Dataset entries:
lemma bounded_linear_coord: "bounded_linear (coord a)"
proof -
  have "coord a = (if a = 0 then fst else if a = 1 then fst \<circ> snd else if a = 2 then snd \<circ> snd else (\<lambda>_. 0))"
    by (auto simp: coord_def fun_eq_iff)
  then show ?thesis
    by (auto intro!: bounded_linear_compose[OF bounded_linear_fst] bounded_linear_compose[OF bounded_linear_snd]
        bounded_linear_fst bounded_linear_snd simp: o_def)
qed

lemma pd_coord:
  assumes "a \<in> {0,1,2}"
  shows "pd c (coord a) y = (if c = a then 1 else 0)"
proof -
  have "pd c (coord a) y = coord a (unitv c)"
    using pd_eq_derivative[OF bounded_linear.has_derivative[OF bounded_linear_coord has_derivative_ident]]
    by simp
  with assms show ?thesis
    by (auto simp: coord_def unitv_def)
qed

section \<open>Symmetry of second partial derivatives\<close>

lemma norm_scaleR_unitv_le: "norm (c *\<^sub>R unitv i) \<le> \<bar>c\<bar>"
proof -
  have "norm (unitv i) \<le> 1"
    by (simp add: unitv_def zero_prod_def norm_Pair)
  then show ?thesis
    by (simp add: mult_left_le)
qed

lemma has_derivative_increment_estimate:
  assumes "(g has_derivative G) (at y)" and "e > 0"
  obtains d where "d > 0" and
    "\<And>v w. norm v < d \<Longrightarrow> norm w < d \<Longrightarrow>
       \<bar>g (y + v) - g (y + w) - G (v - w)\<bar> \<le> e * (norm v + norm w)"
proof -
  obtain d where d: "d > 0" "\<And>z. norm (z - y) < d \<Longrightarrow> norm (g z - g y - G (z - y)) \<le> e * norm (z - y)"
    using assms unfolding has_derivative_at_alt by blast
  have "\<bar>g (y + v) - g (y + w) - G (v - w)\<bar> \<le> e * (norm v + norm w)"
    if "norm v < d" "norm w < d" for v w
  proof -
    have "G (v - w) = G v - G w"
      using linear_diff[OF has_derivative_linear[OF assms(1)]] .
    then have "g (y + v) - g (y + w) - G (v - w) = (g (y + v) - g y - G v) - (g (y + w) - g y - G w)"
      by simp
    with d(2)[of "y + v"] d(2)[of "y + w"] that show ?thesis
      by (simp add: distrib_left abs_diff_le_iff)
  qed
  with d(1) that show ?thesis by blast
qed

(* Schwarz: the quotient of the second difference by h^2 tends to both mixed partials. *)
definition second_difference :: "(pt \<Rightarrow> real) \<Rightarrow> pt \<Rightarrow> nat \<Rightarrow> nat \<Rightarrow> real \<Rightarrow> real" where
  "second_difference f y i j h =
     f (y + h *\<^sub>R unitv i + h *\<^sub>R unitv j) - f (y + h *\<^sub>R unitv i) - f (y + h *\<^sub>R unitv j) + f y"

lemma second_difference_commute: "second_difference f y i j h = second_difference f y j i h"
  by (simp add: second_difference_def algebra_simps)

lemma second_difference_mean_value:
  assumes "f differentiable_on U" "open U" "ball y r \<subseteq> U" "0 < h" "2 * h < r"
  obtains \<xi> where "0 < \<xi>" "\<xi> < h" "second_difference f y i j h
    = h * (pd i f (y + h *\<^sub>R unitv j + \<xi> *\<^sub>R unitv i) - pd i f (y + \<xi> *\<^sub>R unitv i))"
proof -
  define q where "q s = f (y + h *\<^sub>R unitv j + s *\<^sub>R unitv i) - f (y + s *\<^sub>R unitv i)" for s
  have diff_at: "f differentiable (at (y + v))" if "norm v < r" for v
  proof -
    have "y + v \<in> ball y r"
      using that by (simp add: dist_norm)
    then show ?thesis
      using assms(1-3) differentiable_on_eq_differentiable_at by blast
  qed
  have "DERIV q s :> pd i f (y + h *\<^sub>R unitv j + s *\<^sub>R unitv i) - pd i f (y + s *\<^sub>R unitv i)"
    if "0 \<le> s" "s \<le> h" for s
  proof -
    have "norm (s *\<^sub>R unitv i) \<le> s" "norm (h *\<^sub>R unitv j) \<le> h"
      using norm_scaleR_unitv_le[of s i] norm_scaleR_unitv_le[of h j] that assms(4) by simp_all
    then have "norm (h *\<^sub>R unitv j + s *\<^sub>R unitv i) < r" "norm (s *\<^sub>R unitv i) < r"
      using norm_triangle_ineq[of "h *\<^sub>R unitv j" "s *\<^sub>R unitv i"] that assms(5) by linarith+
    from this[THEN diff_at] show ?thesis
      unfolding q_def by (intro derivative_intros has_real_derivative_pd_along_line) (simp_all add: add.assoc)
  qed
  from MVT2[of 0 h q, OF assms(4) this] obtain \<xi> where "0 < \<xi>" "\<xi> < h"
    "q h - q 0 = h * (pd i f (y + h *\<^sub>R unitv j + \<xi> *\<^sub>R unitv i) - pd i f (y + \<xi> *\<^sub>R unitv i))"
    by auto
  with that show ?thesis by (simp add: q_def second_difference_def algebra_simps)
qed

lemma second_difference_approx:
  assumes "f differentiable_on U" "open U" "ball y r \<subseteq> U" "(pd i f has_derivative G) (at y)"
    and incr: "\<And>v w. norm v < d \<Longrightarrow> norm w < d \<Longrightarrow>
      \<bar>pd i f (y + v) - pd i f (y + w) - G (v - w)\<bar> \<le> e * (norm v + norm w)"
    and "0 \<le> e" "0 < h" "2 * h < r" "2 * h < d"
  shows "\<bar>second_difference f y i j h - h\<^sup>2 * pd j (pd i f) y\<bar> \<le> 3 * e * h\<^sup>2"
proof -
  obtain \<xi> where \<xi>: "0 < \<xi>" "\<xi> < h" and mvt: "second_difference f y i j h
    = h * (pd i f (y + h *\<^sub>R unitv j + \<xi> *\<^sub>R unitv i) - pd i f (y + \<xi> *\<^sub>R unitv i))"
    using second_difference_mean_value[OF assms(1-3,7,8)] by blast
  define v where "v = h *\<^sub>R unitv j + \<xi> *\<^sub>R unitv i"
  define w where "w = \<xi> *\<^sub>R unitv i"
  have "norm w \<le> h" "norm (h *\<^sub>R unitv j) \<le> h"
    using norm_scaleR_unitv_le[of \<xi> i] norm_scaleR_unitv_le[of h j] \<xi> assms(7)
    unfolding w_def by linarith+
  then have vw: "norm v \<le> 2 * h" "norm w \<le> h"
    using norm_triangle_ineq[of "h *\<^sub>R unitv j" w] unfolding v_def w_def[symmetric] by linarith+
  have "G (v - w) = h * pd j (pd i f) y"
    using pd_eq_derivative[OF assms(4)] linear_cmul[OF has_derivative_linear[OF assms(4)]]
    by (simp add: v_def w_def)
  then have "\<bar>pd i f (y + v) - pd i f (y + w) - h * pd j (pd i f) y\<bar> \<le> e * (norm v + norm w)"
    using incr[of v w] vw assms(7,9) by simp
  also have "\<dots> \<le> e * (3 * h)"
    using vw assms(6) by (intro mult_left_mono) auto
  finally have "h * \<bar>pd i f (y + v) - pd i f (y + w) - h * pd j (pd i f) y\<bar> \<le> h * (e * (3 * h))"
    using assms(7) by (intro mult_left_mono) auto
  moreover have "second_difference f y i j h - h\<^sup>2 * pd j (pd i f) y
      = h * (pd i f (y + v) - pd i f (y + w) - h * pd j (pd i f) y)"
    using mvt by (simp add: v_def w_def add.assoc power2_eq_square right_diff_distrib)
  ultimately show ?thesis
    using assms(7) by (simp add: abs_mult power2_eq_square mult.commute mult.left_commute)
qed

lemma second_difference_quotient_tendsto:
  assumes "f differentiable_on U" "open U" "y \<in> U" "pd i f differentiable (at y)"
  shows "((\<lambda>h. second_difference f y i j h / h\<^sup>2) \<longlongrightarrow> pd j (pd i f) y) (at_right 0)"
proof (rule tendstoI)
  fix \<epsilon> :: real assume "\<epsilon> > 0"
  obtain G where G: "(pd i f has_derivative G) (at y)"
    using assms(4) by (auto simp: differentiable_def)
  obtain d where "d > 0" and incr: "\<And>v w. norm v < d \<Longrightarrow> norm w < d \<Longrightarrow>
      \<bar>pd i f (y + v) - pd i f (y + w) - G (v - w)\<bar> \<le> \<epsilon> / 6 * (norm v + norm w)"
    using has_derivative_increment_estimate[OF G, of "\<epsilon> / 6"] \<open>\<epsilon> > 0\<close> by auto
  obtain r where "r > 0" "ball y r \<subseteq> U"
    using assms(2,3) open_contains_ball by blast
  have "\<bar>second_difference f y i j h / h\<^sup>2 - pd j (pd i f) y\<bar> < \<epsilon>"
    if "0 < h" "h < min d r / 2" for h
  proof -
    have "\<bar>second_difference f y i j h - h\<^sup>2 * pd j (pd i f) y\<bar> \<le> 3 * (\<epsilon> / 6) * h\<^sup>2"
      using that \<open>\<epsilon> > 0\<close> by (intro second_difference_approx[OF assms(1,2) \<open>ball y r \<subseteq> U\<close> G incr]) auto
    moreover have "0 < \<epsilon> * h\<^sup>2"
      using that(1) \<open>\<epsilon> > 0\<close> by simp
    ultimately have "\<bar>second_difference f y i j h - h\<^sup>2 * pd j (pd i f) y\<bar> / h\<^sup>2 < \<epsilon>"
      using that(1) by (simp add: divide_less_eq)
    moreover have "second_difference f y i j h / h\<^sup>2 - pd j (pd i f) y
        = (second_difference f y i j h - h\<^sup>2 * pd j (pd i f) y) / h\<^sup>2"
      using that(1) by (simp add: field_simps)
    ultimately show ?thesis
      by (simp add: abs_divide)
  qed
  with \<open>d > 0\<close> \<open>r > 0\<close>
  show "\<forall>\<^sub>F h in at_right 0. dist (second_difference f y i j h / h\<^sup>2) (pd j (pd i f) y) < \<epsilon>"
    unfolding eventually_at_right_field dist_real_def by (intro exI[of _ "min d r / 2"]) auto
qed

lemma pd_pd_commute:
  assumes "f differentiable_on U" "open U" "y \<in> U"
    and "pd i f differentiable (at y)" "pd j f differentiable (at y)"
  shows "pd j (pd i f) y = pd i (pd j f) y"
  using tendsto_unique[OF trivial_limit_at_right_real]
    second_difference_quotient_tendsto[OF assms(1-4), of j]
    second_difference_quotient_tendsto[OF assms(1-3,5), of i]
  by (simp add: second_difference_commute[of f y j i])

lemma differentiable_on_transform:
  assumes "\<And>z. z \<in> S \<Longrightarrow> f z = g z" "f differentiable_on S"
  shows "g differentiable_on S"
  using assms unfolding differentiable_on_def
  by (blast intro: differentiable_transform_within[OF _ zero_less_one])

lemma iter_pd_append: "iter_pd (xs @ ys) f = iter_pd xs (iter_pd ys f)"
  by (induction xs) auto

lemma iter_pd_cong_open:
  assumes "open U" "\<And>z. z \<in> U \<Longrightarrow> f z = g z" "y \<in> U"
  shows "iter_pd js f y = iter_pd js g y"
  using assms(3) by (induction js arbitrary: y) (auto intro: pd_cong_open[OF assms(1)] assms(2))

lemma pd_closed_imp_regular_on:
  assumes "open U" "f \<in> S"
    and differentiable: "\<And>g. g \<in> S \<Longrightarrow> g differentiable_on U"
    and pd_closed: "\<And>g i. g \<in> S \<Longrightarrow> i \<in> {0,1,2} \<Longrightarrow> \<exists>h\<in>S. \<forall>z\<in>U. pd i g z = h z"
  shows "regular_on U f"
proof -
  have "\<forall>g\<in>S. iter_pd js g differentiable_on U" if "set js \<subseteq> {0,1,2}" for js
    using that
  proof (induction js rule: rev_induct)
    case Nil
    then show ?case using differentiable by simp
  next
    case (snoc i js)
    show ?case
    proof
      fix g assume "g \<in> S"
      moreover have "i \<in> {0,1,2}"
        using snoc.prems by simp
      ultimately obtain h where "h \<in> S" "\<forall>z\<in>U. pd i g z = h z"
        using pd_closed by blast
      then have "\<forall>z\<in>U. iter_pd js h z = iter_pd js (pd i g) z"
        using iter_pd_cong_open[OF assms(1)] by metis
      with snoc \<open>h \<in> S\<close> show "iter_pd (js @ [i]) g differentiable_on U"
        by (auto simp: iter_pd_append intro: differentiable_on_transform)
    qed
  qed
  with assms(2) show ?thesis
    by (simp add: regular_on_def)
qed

* * *

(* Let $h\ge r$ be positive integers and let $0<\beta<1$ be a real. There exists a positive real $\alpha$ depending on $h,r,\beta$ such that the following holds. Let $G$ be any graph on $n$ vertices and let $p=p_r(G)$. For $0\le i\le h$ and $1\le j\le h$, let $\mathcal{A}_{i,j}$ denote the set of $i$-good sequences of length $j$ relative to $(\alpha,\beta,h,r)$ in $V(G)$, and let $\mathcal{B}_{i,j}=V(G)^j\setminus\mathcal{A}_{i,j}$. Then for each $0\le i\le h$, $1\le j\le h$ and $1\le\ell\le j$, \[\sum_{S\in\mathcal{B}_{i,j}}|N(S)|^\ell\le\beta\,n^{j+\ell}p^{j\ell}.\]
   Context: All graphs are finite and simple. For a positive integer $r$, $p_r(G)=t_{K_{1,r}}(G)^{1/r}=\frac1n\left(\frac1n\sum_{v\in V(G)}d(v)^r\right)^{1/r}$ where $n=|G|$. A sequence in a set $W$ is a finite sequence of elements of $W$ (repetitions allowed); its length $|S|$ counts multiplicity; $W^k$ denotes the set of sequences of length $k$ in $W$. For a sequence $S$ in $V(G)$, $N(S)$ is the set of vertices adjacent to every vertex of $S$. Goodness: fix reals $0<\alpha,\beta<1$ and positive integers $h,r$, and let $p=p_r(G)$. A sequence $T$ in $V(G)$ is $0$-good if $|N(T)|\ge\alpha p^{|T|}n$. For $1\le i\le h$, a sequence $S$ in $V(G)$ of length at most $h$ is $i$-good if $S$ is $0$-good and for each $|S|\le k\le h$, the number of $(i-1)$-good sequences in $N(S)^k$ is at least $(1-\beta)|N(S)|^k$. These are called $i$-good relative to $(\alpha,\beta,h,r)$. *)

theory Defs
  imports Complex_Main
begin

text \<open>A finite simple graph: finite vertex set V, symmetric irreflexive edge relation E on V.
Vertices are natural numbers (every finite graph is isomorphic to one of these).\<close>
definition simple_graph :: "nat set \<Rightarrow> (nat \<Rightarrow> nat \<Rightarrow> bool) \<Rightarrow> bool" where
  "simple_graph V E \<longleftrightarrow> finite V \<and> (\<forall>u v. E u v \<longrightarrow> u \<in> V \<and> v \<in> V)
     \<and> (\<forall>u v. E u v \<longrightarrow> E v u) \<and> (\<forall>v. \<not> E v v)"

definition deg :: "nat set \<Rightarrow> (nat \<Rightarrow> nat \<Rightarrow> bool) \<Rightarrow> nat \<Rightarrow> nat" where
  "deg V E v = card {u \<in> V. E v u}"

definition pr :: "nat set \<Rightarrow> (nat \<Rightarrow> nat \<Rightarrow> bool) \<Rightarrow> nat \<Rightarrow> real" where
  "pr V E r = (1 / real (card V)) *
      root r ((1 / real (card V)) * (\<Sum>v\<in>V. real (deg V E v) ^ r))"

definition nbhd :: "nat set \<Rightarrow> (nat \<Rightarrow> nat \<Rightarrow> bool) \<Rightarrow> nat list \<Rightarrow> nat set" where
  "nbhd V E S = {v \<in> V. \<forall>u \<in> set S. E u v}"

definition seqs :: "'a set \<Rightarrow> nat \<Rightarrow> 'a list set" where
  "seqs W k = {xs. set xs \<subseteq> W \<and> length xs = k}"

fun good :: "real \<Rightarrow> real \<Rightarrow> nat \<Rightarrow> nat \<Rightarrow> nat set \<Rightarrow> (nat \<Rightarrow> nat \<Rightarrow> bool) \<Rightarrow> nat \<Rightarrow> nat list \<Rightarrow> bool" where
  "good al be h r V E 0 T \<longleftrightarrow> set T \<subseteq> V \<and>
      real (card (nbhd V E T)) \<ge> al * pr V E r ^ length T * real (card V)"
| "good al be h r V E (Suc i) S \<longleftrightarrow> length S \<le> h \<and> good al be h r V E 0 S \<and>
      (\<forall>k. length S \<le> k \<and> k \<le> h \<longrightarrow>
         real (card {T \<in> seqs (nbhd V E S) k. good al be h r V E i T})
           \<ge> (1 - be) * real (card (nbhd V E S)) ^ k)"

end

WORK REQUEST:
Please give back, exactly as it stands above, the stretch from the line with "using linear_diff[OF has_derivative_linear[OF" through the line with "using norm_scaleR_unitv_le[of s", and no line outside it.

TASK ANSWER:
      using linear_diff[OF has_derivative_linear[OF assms(1)]] .
    then have "g (y + v) - g (y + w) - G (v - w) = (g (y + v) - g y - G v) - (g (y + w) - g y - G w)"
      by simp
    with d(2)[of "y + v"] d(2)[of "y + w"] that show ?thesis
      by (simp add: distrib_left abs_diff_le_iff)
  qed
  with d(1) that show ?thesis by blast
qed

(* Schwarz: the quotient of the second difference by h^2 tends to both mixed partials. *)
definition second_difference :: "(pt \<Rightarrow> real) \<Rightarrow> pt \<Rightarrow> nat \<Rightarrow> nat \<Rightarrow> real \<Rightarrow> real" where
  "second_difference f y i j h =
     f (y + h *\<^sub>R unitv i + h *\<^sub>R unitv j) - f (y + h *\<^sub>R unitv i) - f (y + h *\<^sub>R unitv j) + f y"

lemma second_difference_commute: "second_difference f y i j h = second_difference f y j i h"
  by (simp add: second_difference_def algebra_simps)

lemma second_difference_mean_value:
  assumes "f differentiable_on U" "open U" "ball y r \<subseteq> U" "0 < h" "2 * h < r"
  obtains \<xi> where "0 < \<xi>" "\<xi> < h" "second_difference f y i j h
    = h * (pd i f (y + h *\<^sub>R unitv j + \<xi> *\<^sub>R unitv i) - pd i f (y + \<xi> *\<^sub>R unitv i))"
proof -
  define q where "q s = f (y + h *\<^sub>R unitv j + s *\<^sub>R unitv i) - f (y + s *\<^sub>R unitv i)" for s
  have diff_at: "f differentiable (at (y + v))" if "norm v < r" for v
  proof -
    have "y + v \<in> ball y r"
      using that by (simp add: dist_norm)
    then show ?thesis
      using assms(1-3) differentiable_on_eq_differentiable_at by blast
  qed
  have "DERIV q s :> pd i f (y + h *\<^sub>R unitv j + s *\<^sub>R unitv i) - pd i f (y + s *\<^sub>R unitv i)"
    if "0 \<le> s" "s \<le> h" for s
  proof -
    have "norm (s *\<^sub>R unitv i) \<le> s" "norm (h *\<^sub>R unitv j) \<le> h"
      using norm_scaleR_unitv_le[of s i] norm_scaleR_unitv_le[of h j] that assms(4) by simp_all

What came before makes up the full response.